Top movie recommendations for you:
No [1] : Harlem (1993)
No [2] : Lady of Burlesque (1943)
No [3] : Stonewall (1995)
No [4] : Mixed Nuts (1994)
No [5] : Clean Slate (1994)
No [6] : Country Life (1994)
No [7] : Whole Wide World, The (1996)
No [8] : Drunks (1995)
No [9] : I'm Not Rappaport (1996)
No [10] : Man in the Iron Mask, The (1998)
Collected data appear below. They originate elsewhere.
text \<open>The energy \<open>\<phi>'^2/2 + \<delta> exp(-\<phi>)\<close> is conserved, and \<open>\<phi>'(0) = 0\<close> fixes it at
\<open>\<delta> exp(-\<phi>\<^sub>0)\<close>. Hence \<open>y = exp((\<phi> - \<phi>\<^sub>0)/2)\<close> solves \<open>y'' = a^2 y\<close>, \<open>y(0) = 1\<close>,
\<open>y'(0) = 0\<close> with \<open>a = sqrt(\<delta>/2) exp(-\<phi>\<^sub>0/2)\<close>, so \<open>y = cosh(a x)\<close> and
\<open>\<phi> = \<phi>\<^sub>0 + 2 ln cosh(a x)\<close>. The condition \<open>\<phi>(1) = 0\<close> becomes \<open>a / cosh a = sqrt(\<delta>/2)\<close>,
and distinct roots \<open>a > 0\<close> give distinct solutions. The map \<open>a \<mapsto> a / cosh a\<close> increases up to
the unique positive root \<open>a\<^sub>c\<close> of \<open>cosh a = a sinh a\<close> and then decreases to \<open>0\<close>; its maximum
\<open>1 / sinh a\<^sub>c\<close> equals \<open>sqrt(\<delta>\<^sub>c/2)\<close> because \<open>a\<^sub>c^2 = (\<delta>\<^sub>c + 2)/2\<close>.\<close>

subsection \<open>Closed form of the solutions\<close>

lemma first_order_cosh_system:
  fixes y s :: "real \<Rightarrow> real"
  assumes "convex S" "0 \<in> S" "x \<in> S"
    and dy: "\<And>x. x \<in> S \<Longrightarrow> (y has_real_derivative a * s x) (at x within S)"
    and ds: "\<And>x. x \<in> S \<Longrightarrow> (s has_real_derivative a * y x) (at x within S)"
  shows "y x = y 0 * cosh (a * x) + s 0 * sinh (a * x)"
proof -
  have dexp: "((\<lambda>x. exp (c * x)) has_real_derivative exp (c * x) * c) (at x within S)" for c x
    by (auto intro!: derivative_eq_intros)
  have "((\<lambda>x. (y x + s x) * exp (- a * x)) has_real_derivative 0) (at x within S)"
    if "x \<in> S" for x
  proof -
    have "((\<lambda>x. (y x + s x) * exp (- a * x)) has_real_derivative
        (a * s x + a * y x) * exp (- a * x) + exp (- a * x) * (- a) * (y x + s x)) (at x within S)"
      by (intro DERIV_mult DERIV_add dy ds that dexp)
    then show ?thesis by (simp add: algebra_simps)
  qed
  from has_field_derivative_zero_constant[OF \<open>convex S\<close> this]
  obtain k1 where k1: "\<And>x. x \<in> S \<Longrightarrow> (y x + s x) * exp (- a * x) = k1"
    by blast
  have "((\<lambda>x. (y x - s x) * exp (a * x)) has_real_derivative 0) (at x within S)"
    if "x \<in> S" for x
  proof -
    have "((\<lambda>x. (y x - s x) * exp (a * x)) has_real_derivative
        (a * s x - a * y x) * exp (a * x) + exp (a * x) * a * (y x - s x)) (at x within S)"
      by (intro DERIV_mult DERIV_diff dy ds that dexp)
    then show ?thesis by (simp add: algebra_simps)
  qed
  from has_field_derivative_zero_constant[OF \<open>convex S\<close> this]
  obtain k2 where k2: "\<And>x. x \<in> S \<Longrightarrow> (y x - s x) * exp (a * x) = k2"
    by blast
  have "y x + s x = (y 0 + s 0) * exp (a * x)"
    using k1[OF \<open>x \<in> S\<close>] k1[OF \<open>0 \<in> S\<close>] by (simp add: field_simps exp_minus)
  moreover have "y x - s x = (y 0 - s 0) * exp (- (a * x))"
    using k2[OF \<open>x \<in> S\<close>] k2[OF \<open>0 \<in> S\<close>] by (simp add: field_simps exp_minus)
  ultimately show ?thesis
    by (simp add: cosh_field_def sinh_field_def field_simps)
qed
And there we have it. However, the output can be different for each run since we initialize the $\theta$ and $X$ parameters randomly. Moreover, it is necessary to fine tune the number of iterations, regularization parameter $\lambda$, and the learning rate. Make sure that the number of iteration is enough for the algorithm to converge to give more accurate solutions. In addition, the more we rated the movie, the less the data sparsity will be and the better the algorithm can learn.